Task to complete |
Nothing but the records, repeated exactly, should form the response.

※

lemma cf_eval_merge_zeros: "cf_eval (merge_zeros l) = cf_eval l"
proof (induction l rule: merge_zeros.induct)
  case (1 a b c rest)
  show ?case
  proof (cases "b = 0")
    case True
    then have "cf_eval (merge_zeros (a # b # c # rest)) = cf_eval ((a + c) # rest)"
      using 1 by simp
    also have "\<dots> = cf_eval (a # b # c # rest)"
      using True by (cases rest) simp_all
    finally show ?thesis .
  next
    case False
    then show ?thesis
      using 1 merge_zeros_nonempty[of "b # c # rest"] by (simp add: cf_eval_Cons del: cf_eval.simps)
  qed
qed simp_all

lemma hd_merge_zeros: "\<forall>e\<in>set l. 0 \<le> e \<Longrightarrow> hd l \<le> hd (merge_zeros l)"
  by (induction l rule: merge_zeros.induct) force+

lemma merge_zeros_cf_pos:
  assumes "l \<noteq> []" "\<forall>e\<in>set l. 0 \<le> e" "1 \<le> last l"
  shows "cf_pos (merge_zeros l) \<and> even (length (merge_zeros l)) = even (length l)"
  using assms
proof (induction l rule: merge_zeros.induct)
  case (1 a b c rest)
  show ?case
  proof (cases "b = 0")
    case True
    then show ?thesis
      using 1(1) 1(4,5) by (auto split: if_splits)
  next
    case False
    then have "cf_pos (merge_zeros (b # c # rest))"
      "even (length (merge_zeros (b # c # rest))) = even (length (b # c # rest))"
      using 1(2) 1(4,5) by auto
    moreover have "b \<le> hd (merge_zeros (b # c # rest))"
      using hd_merge_zeros[of "b # c # rest"] 1(4) by simp
    ultimately show ?thesis
      using False 1(4) by (cases "merge_zeros (b # c # rest)") (auto simp: cf_pos_def)
  qed
qed (auto simp: cf_pos_def)

section \<open>The classical case \<open>q = 1\<close>\<close>

lemma mat2_npow_upper: "mat2_npow (1, b, 0, 1) n = (1, real n * b, 0, 1)"
  by (induction n) (simp_all add: mat2_mult_def mat2_id_def algebra_simps)

lemma mat2_npow_lower: "mat2_npow (1, 0, c, 1) n = (1, 0, real n * c, 1)"
  by (induction n) (simp_all add: mat2_mult_def mat2_id_def algebra_simps)

lemma mat2_ipow_sigma1_1: "mat2_ipow (sigma1 1) k = (1, - of_int k, 0, 1)"
  by (simp add: mat2_ipow_def sigma1_def mat2_adj_def mat2_npow_upper)

lemma mat2_ipow_sigma2_1: "mat2_ipow (sigma2 1) k = (1, 0, of_int k, 1)"
  by (simp add: mat2_ipow_def sigma2_def mat2_adj_def mat2_npow_lower)

lemma mat2_apply_beta_1_Cons2:
  "mat2_apply (beta 1 rest) v = (X, Y) \<Longrightarrow>
    mat2_apply (beta 1 (a # b # rest)) v = (X + of_int a * (of_int b * X + Y), of_int b * X + Y)"
  by (simp add: mat2_apply_mult mat2_ipow_sigma1_1 mat2_ipow_sigma2_1) (simp add: mat2_apply_def)

lemma hom_value_beta_1_Cons2:
  assumes "mat2_apply (beta 1 rest) v = (X, Y)" "X \<noteq> 0" "Y \<noteq> 0" "of_int b * X + Y \<noteq> 0"
  shows "hom_value (mat2_apply (beta 1 (a # b # rest)) v) = of_int a + 1 / (of_int b + 1 / (X / Y))"
  using assms by (simp add: mat2_apply_beta_1_Cons2 hom_value_def field_simps del: beta.simps)

lemma cf_eval_eq_beta_1_pos:
  "even (length L) \<Longrightarrow> L \<noteq> [] \<Longrightarrow> \<forall>e\<in>set L. 0 \<le> e \<Longrightarrow> 1 \<le> last L \<Longrightarrow>
    0 < fst (mat2_apply (beta 1 L) (1, 0)) \<and> 0 < snd (mat2_apply (beta 1 L) (1, 0)) \<and>
    real_of_rat (cf_eval L) = hom_value (mat2_apply (beta 1 L) (1, 0))"
proof (induction L rule: induct_list012)
  case (3 a b rest)
  have ab: "0 \<le> a" "0 \<le> b"
    using 3 by auto
  show ?case
  proof (cases "rest = []")
    case True
    have e: "mat2_apply (beta 1 [a, b]) (1, 0) = (1 + of_int a * of_int b, of_int b)"
      using mat2_apply_beta_1_Cons2[of "[]" "(1, 0)" 1 0 a b] by simp
    have "1 \<le> b"
      using 3 True by simp
    then show ?thesis
      using True ab
      by (simp add: e hom_value_def of_rat_add of_rat_divide of_rat_mult add_pos_nonneg field_simps
          del: beta.simps)
  next
    case False
    obtain X Y where XY: "mat2_apply (beta 1 rest) (1, 0) = (X, Y)"
      by (cases "mat2_apply (beta 1 rest) (1, 0)")
    have IH: "0 < X" "0 < Y" "real_of_rat (cf_eval rest) = X / Y"
      using 3 XY False by (auto simp: hom_value_def)
    have pos: "0 < of_int b * X + Y" "0 < X + of_int a * (of_int b * X + Y)"
      using IH ab by (simp_all add: add_nonneg_pos add_pos_nonneg)
    have "real_of_rat (cf_eval (a # b # rest)) = of_int a + 1 / (of_int b + 1 / (X / Y))"
      using IH False by (simp add: cf_eval_Cons of_rat_add of_rat_divide)
    then show ?thesis
      using pos hom_value_beta_1_Cons2[OF XY, of b a] IH
      by (simp add: mat2_apply_beta_1_Cons2[OF XY] del: beta.simps)
  qed
qed simp_all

※

Result of this task |
lemma cf_eval_merge_zeros: "cf_eval (merge_zeros l) = cf_eval l"
proof (induction l rule: merge_zeros.induct)
  case (1 a b c rest)
  show ?case
  proof (cases "b = 0")
    case True
    then have "cf_eval (merge_zeros (a # b # c # rest)) = cf_eval ((a + c) # rest)"
      using 1 by simp
    also have "\<dots> = cf_eval (a # b # c # rest)"
      using True by (cases rest) simp_all
    finally show ?thesis .
  next
    case False
    then show ?thesis
      using 1 merge_zeros_nonempty[of "b # c # rest"] by (simp add: cf_eval_Cons del: cf_eval.simps)
  qed
qed simp_all

lemma hd_merge_zeros: "\<forall>e\<in>set l. 0 \<le> e \<Longrightarrow> hd l \<le> hd (merge_zeros l)"
  by (induction l rule: merge_zeros.induct) force+

lemma merge_zeros_cf_pos:
  assumes "l \<noteq> []" "\<forall>e\<in>set l. 0 \<le> e" "1 \<le> last l"
  shows "cf_pos (merge_zeros l) \<and> even (length (merge_zeros l)) = even (length l)"
  using assms
proof (induction l rule: merge_zeros.induct)
  case (1 a b c rest)
  show ?case
  proof (cases "b = 0")
    case True
    then show ?thesis
      using 1(1) 1(4,5) by (auto split: if_splits)
  next
    case False
    then have "cf_pos (merge_zeros (b # c # rest))"
      "even (length (merge_zeros (b # c # rest))) = even (length (b # c # rest))"
      using 1(2) 1(4,5) by auto
    moreover have "b \<le> hd (merge_zeros (b # c # rest))"
      using hd_merge_zeros[of "b # c # rest"] 1(4) by simp
    ultimately show ?thesis
      using False 1(4) by (cases "merge_zeros (b # c # rest)") (auto simp: cf_pos_def)
  qed
qed (auto simp: cf_pos_def)

section \<open>The classical case \<open>q = 1\<close>\<close>

lemma mat2_npow_upper: "mat2_npow (1, b, 0, 1) n = (1, real n * b, 0, 1)"
  by (induction n) (simp_all add: mat2_mult_def mat2_id_def algebra_simps)

lemma mat2_npow_lower: "mat2_npow (1, 0, c, 1) n = (1, 0, real n * c, 1)"
  by (induction n) (simp_all add: mat2_mult_def mat2_id_def algebra_simps)

lemma mat2_ipow_sigma1_1: "mat2_ipow (sigma1 1) k = (1, - of_int k, 0, 1)"
  by (simp add: mat2_ipow_def sigma1_def mat2_adj_def mat2_npow_upper)

lemma mat2_ipow_sigma2_1: "mat2_ipow (sigma2 1) k = (1, 0, of_int k, 1)"
  by (simp add: mat2_ipow_def sigma2_def mat2_adj_def mat2_npow_lower)

lemma mat2_apply_beta_1_Cons2:
  "mat2_apply (beta 1 rest) v = (X, Y) \<Longrightarrow>
    mat2_apply (beta 1 (a # b # rest)) v = (X + of_int a * (of_int b * X + Y), of_int b * X + Y)"
  by (simp add: mat2_apply_mult mat2_ipow_sigma1_1 mat2_ipow_sigma2_1) (simp add: mat2_apply_def)

lemma hom_value_beta_1_Cons2:
  assumes "mat2_apply (beta 1 rest) v = (X, Y)" "X \<noteq> 0" "Y \<noteq> 0" "of_int b * X + Y \<noteq> 0"
  shows "hom_value (mat2_apply (beta 1 (a # b # rest)) v) = of_int a + 1 / (of_int b + 1 / (X / Y))"
  using assms by (simp add: mat2_apply_beta_1_Cons2 hom_value_def field_simps del: beta.simps)

lemma cf_eval_eq_beta_1_pos:
  "even (length L) \<Longrightarrow> L \<noteq> [] \<Longrightarrow> \<forall>e\<in>set L. 0 \<le> e \<Longrightarrow> 1 \<le> last L \<Longrightarrow>
    0 < fst (mat2_apply (beta 1 L) (1, 0)) \<and> 0 < snd (mat2_apply (beta 1 L) (1, 0)) \<and>
    real_of_rat (cf_eval L) = hom_value (mat2_apply (beta 1 L) (1, 0))"
proof (induction L rule: induct_list012)
  case (3 a b rest)
  have ab: "0 \<le> a" "0 \<le> b"
    using 3 by auto
  show ?case
  proof (cases "rest = []")
    case True
    have e: "mat2_apply (beta 1 [a, b]) (1, 0) = (1 + of_int a * of_int b, of_int b)"
      using mat2_apply_beta_1_Cons2[of "[]" "(1, 0)" 1 0 a b] by simp
    have "1 \<le> b"
      using 3 True by simp
    then show ?thesis
      using True ab
      by (simp add: e hom_value_def of_rat_add of_rat_divide of_rat_mult add_pos_nonneg field_simps
          del: beta.simps)
  next
    case False
    obtain X Y where XY: "mat2_apply (beta 1 rest) (1, 0) = (X, Y)"
      by (cases "mat2_apply (beta 1 rest) (1, 0)")
    have IH: "0 < X" "0 < Y" "real_of_rat (cf_eval rest) = X / Y"
      using 3 XY False by (auto simp: hom_value_def)
    have pos: "0 < of_int b * X + Y" "0 < X + of_int a * (of_int b * X + Y)"
      using IH ab by (simp_all add: add_nonneg_pos add_pos_nonneg)
    have "real_of_rat (cf_eval (a # b # rest)) = of_int a + 1 / (of_int b + 1 / (X / Y))"
      using IH False by (simp add: cf_eval_Cons of_rat_add of_rat_divide)
    then show ?thesis
      using pos hom_value_beta_1_Cons2[OF XY, of b a] IH
      by (simp add: mat2_apply_beta_1_Cons2[OF XY] del: beta.simps)
  qed
qed simp_all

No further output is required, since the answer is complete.